I have a dataset in this format:
structure(list(id = 1:4, var1_before = c(-0.16, -0.31, -0.26,
-0.77), var2_before = c(-0.7, -1.06, -0.51, -0.81), var3_before = c(2.47,
2.97, 2.91, 3.01), var4_before = c(-1.08, -1.22, -0.92, -1.16
), var5_before = c(0.54, 0.4, 0.46, 0.79), var1_after = c(-0.43,
-0.18, -0.59, 0.64), var2_after = c(-0.69, -0.38, -1.19, -0.77
), var3_after = c(2.97, 3.15, 3.35, 1.52), var4_after = c(-1.11,
-0.99, -1.26, -0.39), var5_after = c(1.22, 0.41, 1.01, 0.24)), class = "data.frame", row.names = c(NA,
-4L))
Every id is unique.
I would like to make two clusters:
First cluster for variables: var1_before, var2_before, var3_before, var4_before, var5_before Second cluster for variables: var1_after, var2_after, var3_after, var4_after, var5_after
I used two-step cluster in spss for this.
How is it possible to make it in R?
This question is quite complex, this is how I'd approach the problem, hoping to help and maybe to start a discussion about it.
Note:
So, you create the first clustering with the before
variables, then the value of the variable changes (after
variables), and you want to see if the id are in the same cluster.

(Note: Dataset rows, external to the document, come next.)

text \<open>The natural GL_3(R)-invariant Riemannian metric on PD (corresponding to
  tr(XY) on sym(3)): g_P(V,W) = 1/4 tr(P^{-1} V P^{-1} W).\<close>
definition gmet :: "mat3 \<Rightarrow> mat3 \<Rightarrow> mat3 \<Rightarrow> real" where
  "gmet P V W = trace (matrix_inv P ** V ** matrix_inv P ** W) / 4"

text \<open>Covariant acceleration (Levi-Civita connection of gmet) of a curve
  with position P, velocity V and ordinary second derivative A:
  D_t gamma' = gamma'' - gamma' gamma^{-1} gamma'.\<close>
definition cov_acc :: "mat3 \<Rightarrow> mat3 \<Rightarrow> mat3 \<Rightarrow> mat3" where
  "cov_acc P V A = A - V ** matrix_inv P ** V"

text \<open>Tangent space at Q of a subset S (used for the orbits, which are embedded
  submanifolds): span of velocities of curves in S through Q.\<close>
definition tangent_space :: "mat3 set \<Rightarrow> mat3 \<Rightarrow> mat3 set" where
  "tangent_space S Q = span {v. \<exists>\<gamma>. (\<forall>t. \<gamma> t \<in> S) \<and> \<gamma> 0 = Q \<and>
                                  (\<gamma> has_vector_derivative v) (at 0)}"

definition orbit_dim :: "real \<Rightarrow> mat3 \<Rightarrow> nat" where
  "orbit_dim a P = dim (tangent_space (orbit a P) P)"

definition max_orbit_dim :: "real \<Rightarrow> nat" where
  "max_orbit_dim a = Max {orbit_dim a P | P. P \<in> PD}"

definition regular_orbit :: "real \<Rightarrow> mat3 \<Rightarrow> bool" where
  "regular_orbit a P \<longleftrightarrow> orbit_dim a P = max_orbit_dim a"

definition singular_orbit :: "real \<Rightarrow> mat3 \<Rightarrow> bool" where
  "singular_orbit a P \<longleftrightarrow> orbit_dim a P < max_orbit_dim a"

definition cohomogeneity_one :: "real \<Rightarrow> bool" where
  "cohomogeneity_one a \<longleftrightarrow> max_orbit_dim a + 1 = dim Sym"

text \<open>Minimality of a submanifold S of PD: the mean curvature vector vanishes at
  every point Q, i.e. for every g_Q-orthonormal basis E_0..E_{k-1} of T_Q S and
  every choice of C^2 curves gamma_i in S with gamma_i(0) = Q, gamma_i'(0) = E_i,
  the normal component of sum_i (D_t gamma_i')(0) vanishes, i.e. this sum lies in
  T_Q S.\<close>
definition minimal_submfd :: "mat3 set \<Rightarrow> bool" where
  "minimal_submfd S \<longleftrightarrow>
    (\<forall>Q \<in> S. \<forall>(E :: nat \<Rightarrow> mat3) (\<gamma> :: nat \<Rightarrow> real \<Rightarrow> mat3)
        (\<gamma>' :: nat \<Rightarrow> real \<Rightarrow> mat3) (A :: nat \<Rightarrow> mat3).
      let T = tangent_space S Q; k = dim T in
      ((\<forall>i<k. E i \<in> T) \<and> span (E ` {..<k}) = T \<and>
       (\<forall>i<k. \<forall>j<k. gmet Q (E i) (E j) = (if i = j then 1 else 0)) \<and>
       (\<forall>i<k. (\<forall>t. \<gamma> i t \<in> S) \<and> \<gamma> i 0 = Q \<and>
              (\<forall>t. (\<gamma> i has_vector_derivative \<gamma>' i t) (at t)) \<and>
              \<gamma>' i 0 = E i \<and>
              (\<gamma>' i has_vector_derivative A i) (at 0)))
      \<longrightarrow> (\<Sum>i<k. cov_acc Q (E i) (A i)) \<in> T)"

end

theory Submission
  imports Defs
begin

text \<open>
  Every automorphism of r'_{3,a} preserves the derived algebra span {e2, e3} and acts on it
  conformally; conversely, every map fixing e1 modulo span {e2, e3} and acting on span {e2, e3}
  by a rotation-dilation is an automorphism. Acting on Gram matrices by congruence, the group
  R^x Aut(g) therefore moves every inner product to a diagonal one diag(d1, d2, d3), and it
  preserves both the ratio det/trace^2 of the (e2, e3)-block and the 4-dimensional space
  Sym_scalar_block of symmetric matrices whose (e2, e3)-block is scalar. The orbit of the
  identity lies in Sym_scalar_block and has it as tangent space; every other orbit passes
  through some diag(d1, d2, d3) with d2 \<noteq> d3, where explicit curves and the block invariant
  identify the tangent space with the hyperplane d3 X22 = d2 X33 of the 6-dimensional space
  Sym.

  At a point Q of the orbit of the identity, the mean curvature of an orthonormal frame E_i
  with curves of accelerations A_i is the sum of the A_i - E_i Q^-1 E_i. The A_i lie in
  Sym_scalar_block because the orbit does; transporting the frame back to the identity turns
  the remaining terms into the squares of a trace-orthonormal basis of Sym_scalar_block, whose
  sum lies in Sym_scalar_block by Parseval's identity. On the other orbits an explicit
  orthonormal frame at diag(d1, d2, d3) has mean curvature H with
  d3 H22 - d2 H33 = 4 d2 d3 (d2 + d3) / (d3 - d2) \<noteq> 0, so H is not tangent.
\<close>

lemma matrix_inv_both:
  fixes A :: "'a::semiring_1^'n^'n"
  assumes "invertible A"
  shows matrix_inv_right: "A ** matrix_inv A = mat 1" and matrix_inv_left: "matrix_inv A ** A = mat 1"
proof -
  from assms obtain B where "A ** B = mat 1 \<and> B ** A = mat 1" unfolding invertible_def by blast
  hence "A ** matrix_inv A = mat 1 \<and> matrix_inv A ** A = mat 1"
    unfolding matrix_inv_def by (rule someI)
  thus "A ** matrix_inv A = mat 1" "matrix_inv A ** A = mat 1" by auto
qed

lemma matrix_inv_unique:
  fixes A :: "'a::semiring_1^'n^'n"
  assumes "A ** B = mat 1" "B ** A = mat 1"
  shows "matrix_inv A = B"
proof -
  have "invertible A" using assms unfolding invertible_def by blast
  hence "matrix_inv A = matrix_inv A ** (A ** B)" using assms by simp
  also have "\<dots> = B" by (simp add: matrix_mul_assoc matrix_inv_left \<open>invertible A\<close>)
  finally show ?thesis .
qed

lemma invertible_matrix_inv:
  fixes A :: "'a::semiring_1^'n^'n"
  assumes "invertible A"
  shows "invertible (matrix_inv A)"
  using matrix_inv_both[OF assms] unfolding invertible_def by blast

lemma matrix_inv_matrix_inv:
  fixes A :: "'a::semiring_1^'n^'n"
  assumes "invertible A"
  shows "matrix_inv (matrix_inv A) = A"
  by (rule matrix_inv_unique) (use matrix_inv_both[OF assms] in auto)

lemma matrix_inv_mult:
  fixes A B :: "'a::semiring_1^'n^'n"
  assumes "invertible A" "invertible B"
  shows "matrix_inv (A ** B) = matrix_inv B ** matrix_inv A"
proof (rule matrix_inv_unique)
  have "(A ** B) ** (matrix_inv B ** matrix_inv A) = A ** ((B ** matrix_inv B) ** matrix_inv A)"
    by (simp only: matrix_mul_assoc)
  thus "(A ** B) ** (matrix_inv B ** matrix_inv A) = mat 1"
    by (simp add: assms matrix_inv_right)
  have "(matrix_inv B ** matrix_inv A) ** (A ** B) = matrix_inv B ** ((matrix_inv A ** A) ** B)"
    by (simp only: matrix_mul_assoc)
  thus "(matrix_inv B ** matrix_inv A) ** (A ** B) = mat 1"
    by (simp add: assms matrix_inv_left)
qed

This leads me to think that you only need the first set of clusters (for the before
variables), then see if the ids have changed: no need to do a second clustering, but only see if they've changed from the one cluster to another.

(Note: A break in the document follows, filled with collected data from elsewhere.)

lemma zero_entry_below_staircase:
  assumes eq: "sum_list xs = sum_list ys" and s: "2 \<le> s"
    and a: "a < sum_list xs" "row_offset xs (s - 1) \<le> a"
    and b: "b < sum_list xs" "col_offset ys (s - 2) \<le> b"
  shows "\<not> var_entry xs ys a b \<and> \<not> one_entry xs ys a b"
proof -
  have "s \<le> row_block xs a"
    using le_row_block_iff[of a xs s] a s by simp
  moreover have "\<not> s - 1 \<le> col_block ys b"
    using le_col_block_iff[of b ys "s - 1"] b s eq by (simp add: numeral_2_eq_2)
  ultimately show ?thesis
    by (auto simp: var_entry_def one_entry_def)
qed

lemma admissible_image_lower_rows:
  assumes eq: "sum_list xs = sum_list ys" and s: "2 \<le> s"
    and p: "p permutes {0..<sum_list xs}" "admissible xs ys p"
  shows "p ` {row_offset xs (s - 1)..<sum_list xs} \<subseteq> {0..<col_offset ys (s - 2)}"
proof
  fix b
  assume "b \<in> p ` {row_offset xs (s - 1)..<sum_list xs}"
  then obtain a where a: "row_offset xs (s - 1) \<le> a" "a < sum_list xs" and b: "b = p a"
    by auto
  have "p a < sum_list xs"
    using p(1) a by (auto simp: permutes_in_image)
  moreover have "var_entry xs ys a (p a) \<or> one_entry xs ys a (p a)"
    using p(2) a by (auto simp: admissible_def)
  ultimately have "\<not> col_offset ys (s - 2) \<le> p a"
    using zero_entry_below_staircase[OF eq s a(2,1)] by blast
  then show "b \<in> {0..<col_offset ys (s - 2)}"
    by (simp add: b)
qed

# first, you make your model of clustering, I'm using a simple kmeans
set.seed(1234)
model <- kmeans(df[,2:6],2)
# you put the clusters in the dataset
df$before_cluster <- model$cluster
Now the idea is to calculate the Euclidean distance from the ids with the new variables (after
variables), to the centroids calculated on the before
variabiles:
# for the first cluster
cl1 <- list()
for (i in 1:nrow(df)) {
cl1[[i]] <- dist(rbind(df[i,7:11], model$centers[1,] ))
}
cl1 <- do.call(rbind, cl1)
colnames(cl1) <- 'first'
# for the second cluster
cl2 <- list()
for (i in 1:nrow(df)) {
cl2[[i]] <- dist(rbind(df[i,7:11], model$centers[2,] ))
}
cl2 <- do.call(rbind, cl2)
colnames(cl2) <- 'second'
# put them together
df <- cbind(df, cl1, cl2)
Now the last part, you can define if one has changed the cluster, getting the smallest distance from the centroids (smallest --> it's the new cluster), fetching the "new" cluster.

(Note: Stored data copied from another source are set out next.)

section \<open>Symmetric Pareto distributions\<close>

lemma has_bochner_integral_reflect:
  fixes f :: "real \<Rightarrow> real"
  assumes "has_bochner_integral lborel f I"
  shows "has_bochner_integral lborel (\<lambda>x. f (- x)) I"
proof -
  have f: "integrable lborel f" "integral\<^sup>L lborel f = I"
    using assms by (auto simp: has_bochner_integral_iff)
  have "integrable lborel (\<lambda>x. f (0 + -1 * x))"
    by (rule lborel_integrable_real_affine[OF f(1)]) simp
  moreover have "integral\<^sup>L lborel f = \<bar>-1\<bar> *\<^sub>R (\<integral>x. f (0 + -1 * x) \<partial>lborel)"
    by (rule lborel_integral_real_affine) simp
  ultimately show ?thesis
    using f(2) by (simp add: has_bochner_integral_iff)
qed

lemma lborel_integral_odd_eq_0:
  fixes f :: "real \<Rightarrow> real"
  assumes "\<And>x. f (- x) = - f x"
  shows "(\<integral>x. f x \<partial>lborel) = 0"
proof -
  have "(\<integral>x. f x \<partial>lborel) = \<bar>-1\<bar> *\<^sub>R (\<integral>x. f (0 + -1 * x) \<partial>lborel)"
    by (rule lborel_integral_real_affine) simp
  then show ?thesis
    using assms by simp
qed

lemma has_bochner_integral_even:
  fixes f :: "real \<Rightarrow> real"
  assumes "has_bochner_integral lborel (\<lambda>x. indicator {0<..} x * f x) I"
    and "\<And>x. f (- x) = f x" and "f 0 = 0"
  shows "has_bochner_integral lborel f (2 * I)"
proof -
  have "(\<lambda>x. indicator {0<..} x * f x + indicator {0<..} (- x) * f (- x)) = f"
  proof
    fix x :: real
    show "indicator {0<..} x * f x + indicator {0<..} (- x) * f (- x) = f x"
      using assms(2)[of x] assms(3) by (cases x "0::real" rule: linorder_cases) simp_all
  qed
  moreover have "has_bochner_integral lborel
      (\<lambda>x. indicator {0<..} x * f x + indicator {0<..} (- x) * f (- x)) (I + I)"
    using has_bochner_integral_add[OF assms(1) has_bochner_integral_reflect[OF assms(1)]] by simp
  ultimately show ?thesis
    by (simp only: mult_2)
qed

lemma has_bochner_integral_indicator_of_has_integral:
  fixes f :: "real \<Rightarrow> real"
  assumes "(f has_integral I) S" and "\<And>x. x \<in> S \<Longrightarrow> 0 \<le> f x" and "S \<in> sets borel"
    and [measurable]: "f \<in> borel_measurable borel"
  shows "has_bochner_integral lborel (\<lambda>x. indicator S x * f x) I"
proof -
  have "integral\<^sup>N lborel (\<lambda>x. indicator S x * f x) = I"
    using nn_integral_has_integral_lebesgue[OF assms(2,1)] by simp
  moreover have "0 \<le> I"
    using has_integral_nonneg[OF assms(1)] assms(2) by auto
  ultimately show ?thesis
    using assms(2,3) by (intro has_bochner_integral_nn_integral) (auto simp: indicator_def)
qed

lemma has_bochner_integral_powr_tail:
  fixes \<alpha> \<epsilon> :: real
  assumes "0 < \<alpha>" "0 < \<epsilon>"
  shows "has_bochner_integral lborel (\<lambda>x. indicator {\<epsilon>..} x * x powr (-1 - \<alpha>)) (\<epsilon> powr (- \<alpha>) / \<alpha>)"
proof -
  have "((\<lambda>x. x powr (-1 - \<alpha>)) has_integral - (\<epsilon> powr (-1 - \<alpha> + 1)) / (-1 - \<alpha> + 1)) {\<epsilon>..}"
    using assms by (intro has_integral_powr_to_inf) auto
  then show ?thesis
    by (intro has_bochner_integral_indicator_of_has_integral) auto
qed

lemma one_minus_cos_le:
  fixes x :: real
  shows "1 - cos x \<le> x\<^sup>2 / 2"
proof -
  have "1 - cos x = 2 * (sin (x / 2))\<^sup>2"
    using cos_double_sin[of "x / 2"] by simp
  also have "(sin (x / 2))\<^sup>2 \<le> (x / 2)\<^sup>2"
    using abs_sin_x_le_abs_x[of "x / 2"] by (metis abs_ge_zero power2_abs power_mono)
  finally show ?thesis
    by (simp add: power_divide)
qed

text \<open>The Levy measure |x|^(-1-alpha) dx of the symmetric alpha-stable law, tested against 1 - cos x.\<close>

definition levy_integrand :: "real \<Rightarrow> real \<Rightarrow> real" where
  "levy_integrand \<alpha> x = (1 - cos x) * \<bar>x\<bar> powr (-1 - \<alpha>)"

lemma levy_integrand_measurable [measurable]: "levy_integrand \<alpha> \<in> borel_measurable borel"
  unfolding levy_integrand_def by measurable

lemma levy_integrand_nonneg: "0 \<le> levy_integrand \<alpha> x"
  by (simp add: levy_integrand_def)

lemma levy_integrand_le:
  assumes "0 < x"
  shows "levy_integrand \<alpha> x \<le> (if x \<le> 1 then x powr (1 - \<alpha>) / 2 else 2 * x powr (-1 - \<alpha>))"
proof -
  have levy_x: "levy_integrand \<alpha> x = (1 - cos x) * x powr (-1 - \<alpha>)"
    using assms by (simp add: levy_integrand_def)
  have "levy_integrand \<alpha> x \<le> x\<^sup>2 / 2 * x powr (-1 - \<alpha>)"
    unfolding levy_x by (intro mult_right_mono one_minus_cos_le) auto
  also have "\<dots> = x powr (1 - \<alpha>) / 2"
    using assms by (simp add: powr_add[symmetric] flip: powr_numeral)
  finally have "levy_integrand \<alpha> x \<le> x powr (1 - \<alpha>) / 2" .
  moreover have "levy_integrand \<alpha> x \<le> 2 * x powr (-1 - \<alpha>)"
    unfolding levy_x by (intro mult_right_mono) (auto simp: cos_ge_minus_one)
  ultimately show ?thesis
    by simp
qed

lemma integrable_levy_integrand:
  assumes "0 < \<alpha>" "\<alpha> < 2"
  shows "integrable lborel (levy_integrand \<alpha>)"
proof -
  define h where "h x = indicator {0..1} x * (x powr (1 - \<alpha>) / 2) + indicator {1..} x * (2 * x powr (-1 - \<alpha>))"
    for x :: real
  have "has_bochner_integral lborel (\<lambda>x. indicator {0..1} x * x powr (1 - \<alpha>)) (1 powr (1 - \<alpha> + 1) / (1 - \<alpha> + 1))"
    using assms by (intro has_bochner_integral_indicator_of_has_integral has_integral_powr_from_0) auto
  moreover have "has_bochner_integral lborel (\<lambda>x. indicator {1..} x * x powr (-1 - \<alpha>)) (1 powr (- \<alpha>) / \<alpha>)"
    using assms by (intro has_bochner_integral_powr_tail) auto
  ultimately have "integrable lborel (\<lambda>x. indicator {0..1} x * x powr (1 - \<alpha>) / 2
      + 2 * (indicator {1..} x * x powr (-1 - \<alpha>)))"
    by (intro Bochner_Integration.integrable_add integrable_divide integrable_mult_right)
      (auto simp: has_bochner_integral_iff)
  then have h_integrable: "integrable lborel h"
    unfolding h_def by (simp add: algebra_simps)
  have dominated: "norm (indicator {0<..} x * levy_integrand \<alpha> x) \<le> norm (h x)" for x :: real
  proof (cases "0 < x")
    case True
    then have "levy_integrand \<alpha> x \<le> h x"
      using levy_integrand_le[OF True, of \<alpha>] True by (auto simp: h_def split: split_indicator if_splits)
    then show ?thesis
      using True levy_integrand_nonneg[of \<alpha> x] by (simp add: h_def)
  qed (simp add: h_def)
  have "integrable lborel (\<lambda>x. indicator {0<..} x * levy_integrand \<alpha> x)"
    by (rule Bochner_Integration.integrable_bound[OF h_integrable _ AE_I2[OF dominated]]) measurable
  then have "has_bochner_integral lborel (levy_integrand \<alpha>) (2 * (\<integral>x. indicator {0<..} x * levy_integrand \<alpha> x \<partial>lborel))"
    by (intro has_bochner_integral_even) (simp_all add: has_bochner_integral_iff levy_integrand_def)
  then show ?thesis
    by (simp add: has_bochner_integral_iff)
qed

lemma integral_levy_integrand_pos:
  assumes "0 < \<alpha>" "\<alpha> < 2"
  shows "0 < (\<integral>x. levy_integrand \<alpha> x \<partial>lborel)"
proof -
  define m where "m = (1 - cos 1) * 2 powr (-1 - \<alpha>)"
  have "cos (1::real) < cos 0"
    by (rule cos_monotone_0_pi) (use pi_ge_two in auto)
  then have cos_1: "cos (1::real) < 1"
    by simp
  have "indicator {1..2} x * m \<le> levy_integrand \<alpha> x" for x :: real
  proof (cases "x \<in> {1..2}")
    case True
    have "cos x \<le> cos 1"
      using True pi_ge_two by (intro cos_monotone_0_pi_le) auto
    moreover have "2 powr (-1 - \<alpha>) \<le> \<bar>x\<bar> powr (-1 - \<alpha>)"
      using True assms by (intro powr_mono2') auto
    ultimately show ?thesis
      using True cos_1 by (auto simp: m_def levy_integrand_def intro!: mult_mono)
  qed (simp add: levy_integrand_nonneg)
  then have "(\<integral>x. indicator {1..2::real} x * m \<partial>lborel) \<le> (\<integral>x. levy_integrand \<alpha> x \<partial>lborel)"
    using integrable_levy_integrand[OF assms] by (intro integral_mono) auto
  moreover have "0 < m"
    using cos_1 by (simp add: m_def)
  ultimately show ?thesis
    by simp
qed

lemma levy_integrand_scaled:
  assumes "0 < \<alpha>" "\<alpha> < 2" and "0 < v"
  shows "integrable lborel (\<lambda>x. (1 - cos (v * x)) * \<bar>x\<bar> powr (-1 - \<alpha>))"
    and "(\<integral>x. (1 - cos (v * x)) * \<bar>x\<bar> powr (-1 - \<alpha>) \<partial>lborel) = v powr \<alpha> * (\<integral>x. levy_integrand \<alpha> x \<partial>lborel)"
proof -
  have scaled: "(\<lambda>x. (1 - cos (v * x)) * \<bar>x\<bar> powr (-1 - \<alpha>)) = (\<lambda>x. v powr (1 + \<alpha>) * levy_integrand \<alpha> (0 + v * x))"
  proof
    fix x :: real
    have "v powr (1 + \<alpha>) * \<bar>v * x\<bar> powr (-1 - \<alpha>) = (v powr (1 + \<alpha>) * v powr (-1 - \<alpha>)) * \<bar>x\<bar> powr (-1 - \<alpha>)"
      using \<open>0 < v\<close> by (simp add: abs_mult powr_mult)
    also have "v powr (1 + \<alpha>) * v powr (-1 - \<alpha>) = 1"
      using \<open>0 < v\<close> by (simp flip: powr_add)
    finally show "(1 - cos (v * x)) * \<bar>x\<bar> powr (-1 - \<alpha>) = v powr (1 + \<alpha>) * levy_integrand \<alpha> (0 + v * x)"
      by (simp add: levy_integrand_def)
  qed
  have "integrable lborel (\<lambda>x. levy_integrand \<alpha> (0 + v * x))"
    using lborel_integrable_real_affine[OF integrable_levy_integrand[OF assms(1,2)], of v 0] \<open>0 < v\<close> by simp
  then show "integrable lborel (\<lambda>x. (1 - cos (v * x)) * \<bar>x\<bar> powr (-1 - \<alpha>))"
    unfolding scaled by simp
  have "(\<integral>x. levy_integrand \<alpha> x \<partial>lborel) = v * (\<integral>x. levy_integrand \<alpha> (0 + v * x) \<partial>lborel)"
    using lborel_integral_real_affine[of v "levy_integrand \<alpha>" 0] \<open>0 < v\<close> by simp
  moreover have "v powr (1 + \<alpha>) = v * v powr \<alpha>"
    using \<open>0 < v\<close> by (simp add: powr_add)
  ultimately show "(\<integral>x. (1 - cos (v * x)) * \<bar>x\<bar> powr (-1 - \<alpha>) \<partial>lborel) = v powr \<alpha> * (\<integral>x. levy_integrand \<alpha> x \<partial>lborel)"
    unfolding scaled by simp
qed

df$new_cl <- ifelse(df$first < df$second, 1,2)
df
id var1_before var2_before var3_before var4_before var5_before var1_after var2_after var3_after var4_after var5_after first second before_cluster first second new_cl
1 1 -0.16 -0.70 2.47 -1.08 0.54 -0.43 -0.69 2.97 -1.11 1.22 0.6852372 0.8151840 2 0.6852372 0.8151840 1
2 2 -0.31 -1.06 2.97 -1.22 0.40 -0.18 -0.38 3.15 -0.99 0.41 0.7331098 0.5208887 1 0.7331098 0.5208887 2
3 3 -0.26 -0.51 2.91 -0.92 0.46 -0.59 -1.19 3.35 -1.26 1.01 0.6117598 1.1180004 2 0.6117598 1.1180004 1
4 4 -0.77 -0.81 3.01 -1.16 0.79 0.64 -0.77 1.52 -0.39 0.24 2.0848381 1.5994765 1 2.0848381 1.5994765 2
Seems they all have changed cluster.